Site-specific file permissions and group ownership

On systems where multiple users will generate or use the Tamor analysis, it can useful to have the workflow automatically set shared permissions for the output files. Uncommenting the set_output_group and set_output_umask lines in config/config.yaml will make Tamor try to honour those wishes. As per UNIX convention, a umask of 007 will allow read/write by the owner and designated group, but give no permissions to others.

DNA Sample Metadata

The config/dna_samples.tsv file has 8 columns to be specified with column names:

subjectID<tab>
tumorSampleID<tab>
trueOrFalseTumorHasPCRDuplicates<tab>
germlineSampleID<tab>
trueOrFalseGermlineHasPCRDuplicates<tab>
trueOrFalseGermlineContainsSomeTumor<tab>
oncoTreeCode<tab>
projectID

Details on how to set each column are below.

Sample IDs

The subjectID, tumorSampleID and germlineSampleID must:

  • CONTAIN NO UNDERSCORES

  • The subjectID must be between 6 and 35 characters (due to a PCGR naming limitation)

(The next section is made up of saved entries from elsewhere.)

(* Let \((Q, \preccurlyeq_Q)\) and \((L, \preccurlyeq_L)\) be posets with smallest elements \(q_0 \in Q\) and \(l_0 \in L\). Then the following conditions are equivalent for every mapping \(f \colon Q \to L\). (i) For every nonempty set \(X\), \(f \circ d\) is an \(L\)-ultrametric whenever \(d\colon X^2\to Q\) is a \(Q\)-ultrametric. (ii) \(f\) is isotone and, for every \(q \in Q\), \(f(q) = l_0\) holds if and only if \(q = q_0\).
   Context: For a poset \((P,\preccurlyeq_P)\) with smallest element \(p_0\) and a nonempty set \(X\), \(d\colon X^2\to P\) is a \(P\)-pseudoultrametric if \(d\) is symmetric, \(d(x,x)=p_0\) for all \(x\), and for every triple \(\langle x_1,x_2,x_3\rangle\) in \(X\) there is a permutation \((i_1,i_2,i_3)\) of \((1,2,3)\) with \(d(x_{i_1},x_{i_3})\preccurlyeq_P d(x_{i_1},x_{i_2})\) and \(d(x_{i_1},x_{i_2})=d(x_{i_2},x_{i_3})\); it is a \(P\)-ultrametric if moreover \(d(x,y)=p_0\) iff \(x=y\). A map \(f\colon Q\to L\) is isotone if \(q_1\preccurlyeq_Q q_2\) implies \(f(q_1)\preccurlyeq_L f(q_2)\). *)

theory Defs
  imports Main "HOL-Library.Infinite_Typeclass"
begin

definition P_pseudoultrametric :: "'p::order \<Rightarrow> 'x set \<Rightarrow> ('x \<Rightarrow> 'x \<Rightarrow> 'p) \<Rightarrow> bool" where
  "P_pseudoultrametric p0 X d \<longleftrightarrow>
     (\<forall>x\<in>X. \<forall>y\<in>X. d x y = d y x) \<and>
     (\<forall>x\<in>X. d x x = p0) \<and>
     (\<forall>x1\<in>X. \<forall>x2\<in>X. \<forall>x3\<in>X.
        \<exists>(a, b, c) \<in> {(x1,x2,x3), (x1,x3,x2), (x2,x1,x3), (x2,x3,x1), (x3,x1,x2), (x3,x2,x1)}.
          d a c \<le> d a b \<and> d a b = d b c)"

definition P_ultrametric :: "'p::order \<Rightarrow> 'x set \<Rightarrow> ('x \<Rightarrow> 'x \<Rightarrow> 'p) \<Rightarrow> bool" where
  "P_ultrametric p0 X d \<longleftrightarrow>
     P_pseudoultrametric p0 X d \<and> (\<forall>x\<in>X. \<forall>y\<in>X. d x y = p0 \<longleftrightarrow> x = y)"

end

theory Submission
  imports Defs
begin

text \<open>An isotone map preserves both clauses of the triangle axiom, so composing with it
  turns pseudoultrametrics into pseudoultrametrics, and separation survives exactly when
  \<open>q\<^sub>0\<close> is the only point sent to \<open>l\<^sub>0\<close>. Conversely, composing \<open>f\<close> with the one-point
  ultrametric gives \<open>f q\<^sub>0 = l\<^sub>0\<close>, and composing it with the ultrametric on three points
  with sides \<open>q\<^sub>1, q\<^sub>2, q\<^sub>2\<close> (where \<open>q\<^sub>0 \<prec> q\<^sub>1 \<preceq> q\<^sub>2\<close>) gives \<open>f q\<^sub>1 \<noteq> l\<^sub>0\<close> by separation
  and \<open>f q\<^sub>1 \<preceq> f q\<^sub>2\<close> by the strong triangle inequality.\<close>

lemma P_pseudoultrametric_comp_mono:
  assumes "mono f" and "P_pseudoultrametric p0 X d"
  shows "P_pseudoultrametric (f p0) X (\<lambda>x y. f (d x y))"
  unfolding P_pseudoultrametric_def
proof (intro conjI ballI)
  fix x y assume "x \<in> X" "y \<in> X"
  then show "f (d x y) = f (d y x)"
    using assms(2) unfolding P_pseudoultrametric_def by simp
next
  fix x assume "x \<in> X"
  then show "f (d x x) = f p0"
    using assms(2) unfolding P_pseudoultrametric_def by simp
next
  fix x1 x2 x3 assume "x1 \<in> X" "x2 \<in> X" "x3 \<in> X"
  then obtain u v w where
    "(u, v, w) \<in> {(x1,x2,x3), (x1,x3,x2), (x2,x1,x3), (x2,x3,x1), (x3,x1,x2), (x3,x2,x1)}"
    and "d u w \<le> d u v" "d u v = d v w"
    using assms(2) unfolding P_pseudoultrametric_def by blast
  moreover have "f (d u w) \<le> f (d u v)"
    using \<open>d u w \<le> d u v\<close> assms(1) by (rule monoD[rotated])
  ultimately show "\<exists>(u, v, w) \<in> {(x1,x2,x3), (x1,x3,x2), (x2,x1,x3), (x2,x3,x1), (x3,x1,x2), (x3,x2,x1)}.
      f (d u w) \<le> f (d u v) \<and> f (d u v) = f (d v w)"
    by (intro bexI[of _ "(u, v, w)"]) simp_all
qed

lemma P_ultrametric_comp_mono:
  assumes "mono f" and "\<forall>q. f q = l0 \<longleftrightarrow> q = q0" and "P_ultrametric q0 X d"
  shows "P_ultrametric l0 X (\<lambda>x y. f (d x y))"
proof -
  have f_q0: "f q0 = l0" using assms(2) by blast
  have "P_pseudoultrametric q0 X d" using assms(3) unfolding P_ultrametric_def ..
  from P_pseudoultrametric_comp_mono[OF assms(1) this]
  have "P_pseudoultrametric l0 X (\<lambda>x y. f (d x y))" unfolding f_q0 .
  moreover have "\<forall>x\<in>X. \<forall>y\<in>X. f (d x y) = l0 \<longleftrightarrow> x = y"
    using assms(2,3) unfolding P_ultrametric_def by simp
  ultimately show ?thesis
    unfolding P_ultrametric_def ..
qed

lemma P_pseudoultrametric_strong_triangle:
  assumes "P_pseudoultrametric p0 X d" and "x \<in> X" "y \<in> X" "z \<in> X"
  shows "d x y \<le> d x z \<or> d x y \<le> d z y"
proof -
  have symmetric: "d u v = d v u" if "u \<in> X" "v \<in> X" for u v
    using assms(1) that unfolding P_pseudoultrametric_def by blast
  obtain u v w where
    "(u, v, w) \<in> {(x,y,z), (x,z,y), (y,x,z), (y,z,x), (z,x,y), (z,y,x)}"
    and "d u w \<le> d u v" "d u v = d v w"
    using assms unfolding P_pseudoultrametric_def by blast
  then show ?thesis
    using symmetric assms(2-4) by auto
qed

lemma P_ultrametric_singleton: "P_ultrametric p0 {a} (\<lambda>x y. p0)"
  unfolding P_ultrametric_def P_pseudoultrametric_def by auto

definition three_point_ultrametric :: "'p \<Rightarrow> 'p \<Rightarrow> 'p \<Rightarrow> 'x \<Rightarrow> 'x \<Rightarrow> 'x \<Rightarrow> 'x \<Rightarrow> 'p" where
  "three_point_ultrametric p0 p1 p2 a b x y =
     (if x = y then p0 else if {x, y} = {a, b} then p1 else p2)"

lemma P_ultrametric_three_point:
  fixes p0 p1 p2 :: "'p::order"
  assumes "a \<noteq> b" "a \<noteq> c" "b \<noteq> c" and "p0 < p1" "p1 \<le> p2"
  shows "P_ultrametric p0 {a, b, c} (three_point_ultrametric p0 p1 p2 a b)"
  using assms unfolding P_ultrametric_def P_pseudoultrametric_def three_point_ultrametric_def
  by (auto simp: doubleton_eq_iff)

lemma (in infinite) obtain_three_distinct:
  obtains a b c :: 'a where "a \<noteq> b" "a \<noteq> c" "b \<noteq> c"
  using infinite_arbitrarily_large[OF infinite_UNIV, of 3] card_3_iff by metis

lemma comp_three_point_ultrametric:
  fixes f :: "'p::order \<Rightarrow> 'l::order"
  assumes "a \<noteq> b" "a \<noteq> c" "b \<noteq> c"
    and "P_ultrametric l0 {a, b, c} (\<lambda>x y. f (three_point_ultrametric p0 p1 p2 a b x y))"
  shows "f p1 \<noteq> l0" and "f p1 \<le> f p2"
proof -
  let ?e = "\<lambda>x y. f (three_point_ultrametric p0 p1 p2 a b x y)"
  have distances: "?e a b = f p1" "?e a c = f p2" "?e c b = f p2"
    using assms(1-3) by (auto simp: three_point_ultrametric_def doubleton_eq_iff)
  show "f p1 \<noteq> l0"
    using assms distances(1) unfolding P_ultrametric_def by simp
  have "P_pseudoultrametric l0 {a, b, c} ?e"
    using assms(4) unfolding P_ultrametric_def ..
  then have "?e a b \<le> ?e a c \<or> ?e a b \<le> ?e c b"
    by (rule P_pseudoultrametric_strong_triangle) simp_all
  then show "f p1 \<le> f p2"
    unfolding distances by auto
qed

theorem corollary3p25:
  fixes q0 :: "'q::order" and l0 :: "'l::order" and f :: "'q \<Rightarrow> 'l"
  assumes "\<forall>q. q0 \<le> q" and "\<forall>l. l0 \<le> l"
  shows "(\<forall>X :: 'x::infinite set. X \<noteq> {} \<longrightarrow>
            (\<forall>d. P_ultrametric q0 X d \<longrightarrow> P_ultrametric l0 X (\<lambda>x y. f (d x y))))
         \<longleftrightarrow> (mono f \<and> (\<forall>q. f q = l0 \<longleftrightarrow> q = q0))"
proof
  assume preserves: "\<forall>X :: 'x::infinite set. X \<noteq> {} \<longrightarrow>
            (\<forall>d. P_ultrametric q0 X d \<longrightarrow> P_ultrametric l0 X (\<lambda>x y. f (d x y)))"
  obtain a b c :: 'x where abc: "a \<noteq> b" "a \<noteq> c" "b \<noteq> c" by (rule obtain_three_distinct)
  have above_q0: "q0 < q" if "q \<noteq> q0" for q
    using assms(1) that by (simp add: order_less_le)
  have three_point: "f q1 \<noteq> l0 \<and> f q1 \<le> f q2" if "q1 \<noteq> q0" "q1 \<le> q2" for q1 q2
  proof -
    have "P_ultrametric l0 {a, b, c} (\<lambda>x y. f (three_point_ultrametric q0 q1 q2 a b x y))"
      using preserves[rule_format, OF _ P_ultrametric_three_point[OF abc above_q0[OF that(1)] that(2)]]
      by simp
    from comp_three_point_ultrametric[OF abc this] show ?thesis ..
  qed
  have "P_ultrametric l0 {a} (\<lambda>x y. f q0)"
    using preserves[rule_format, OF _ P_ultrametric_singleton[of q0 a]] by simp
  then have "f q0 = l0"
    unfolding P_ultrametric_def by blast
  moreover have "mono f"
  proof
    fix q1 q2 :: 'q
    assume "q1 \<le> q2"
    then show "f q1 \<le> f q2"
      using \<open>f q0 = l0\<close> assms(2) three_point by (cases "q1 = q0") auto
  qed
  ultimately show "mono f \<and> (\<forall>q. f q = l0 \<longleftrightarrow> q = q0)"
    using three_point by auto
next
  assume "mono f \<and> (\<forall>q. f q = l0 \<longleftrightarrow> q = q0)"
  then show "\<forall>X :: 'x::infinite set. X \<noteq> {} \<longrightarrow>
            (\<forall>d. P_ultrametric q0 X d \<longrightarrow> P_ultrametric l0 X (\<lambda>x y. f (d x y)))"
    by (intro allI impI) (elim conjE P_ultrametric_comp_mono)
qed

end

  • tumorSampleID and germlineSampleID must be the exact Sample_Name values you used in your Illumina sequencing sample spreadsheets (see samplesheet section below for details).

Handling PCR duplicates

The third and fifth column tell Dragen whether to consider (in tumor and germline respectively) as PCR duplicates read pairs that map to the same start and end in the reference genome. If you used a PCR-free library prep, set this to False, otherwise set it to True.

Project designation

The eighth column is a unique project ID to which the subject belongs. For example if you have two cohorts of lung and breast cancer, assigning individuals to two projects would be logical. All project output files go into their own output folders, even if they were sequenced together on the same Illumina sequencing runs.

Tumor-in-normal handling

The sixth column of the paired input sample TSV file is usually False, unless your germline sample is from a leukaemia or perhaps a poor quality histology section from a tumor, in which case use True. This instructs Dragen to consider low frequency variants in the germline sample to still show up as somatic variants in the tumor analysis output (see default of 0.05 under tumor_in_normal_tolerance_proportion in config.yaml)

Cancer type designation

For the seventh column, the type of cancer the tumor represent must be coded. This is preferably an OncoTree code. Those codes can be found here: https://oncotree.mskcc.org/ This information will be used to customize some parts of the variant, gene expression, and immune profiling reports. If no cancer type information is available at all, you can use the top-level code in OncoTree: “TISSUE”. While OncoTree codes are preferred, Tamor will also attempt to uniquely map codes from the ICD-O, NCIt, UMLS and HemeOnc systems.

RNA Sample Metadata

The config/rna_samples.tsv file has 5 columns to be specified with column names:

subjectID<tab>
tumorRNASampleID<tab>
matchedTumorDNASampleID<tab>
projectID<tab>
cohortNameForExpressionAnalysis

If you have both normal and tumor RNA samples available, it is critical to list the tumor RNA sample first.
The first RNA sample listed in the file is the one that will be included on the PCGR report for matchedTumorDNASampleID, and typically you want to report out regarding the tumor RNA.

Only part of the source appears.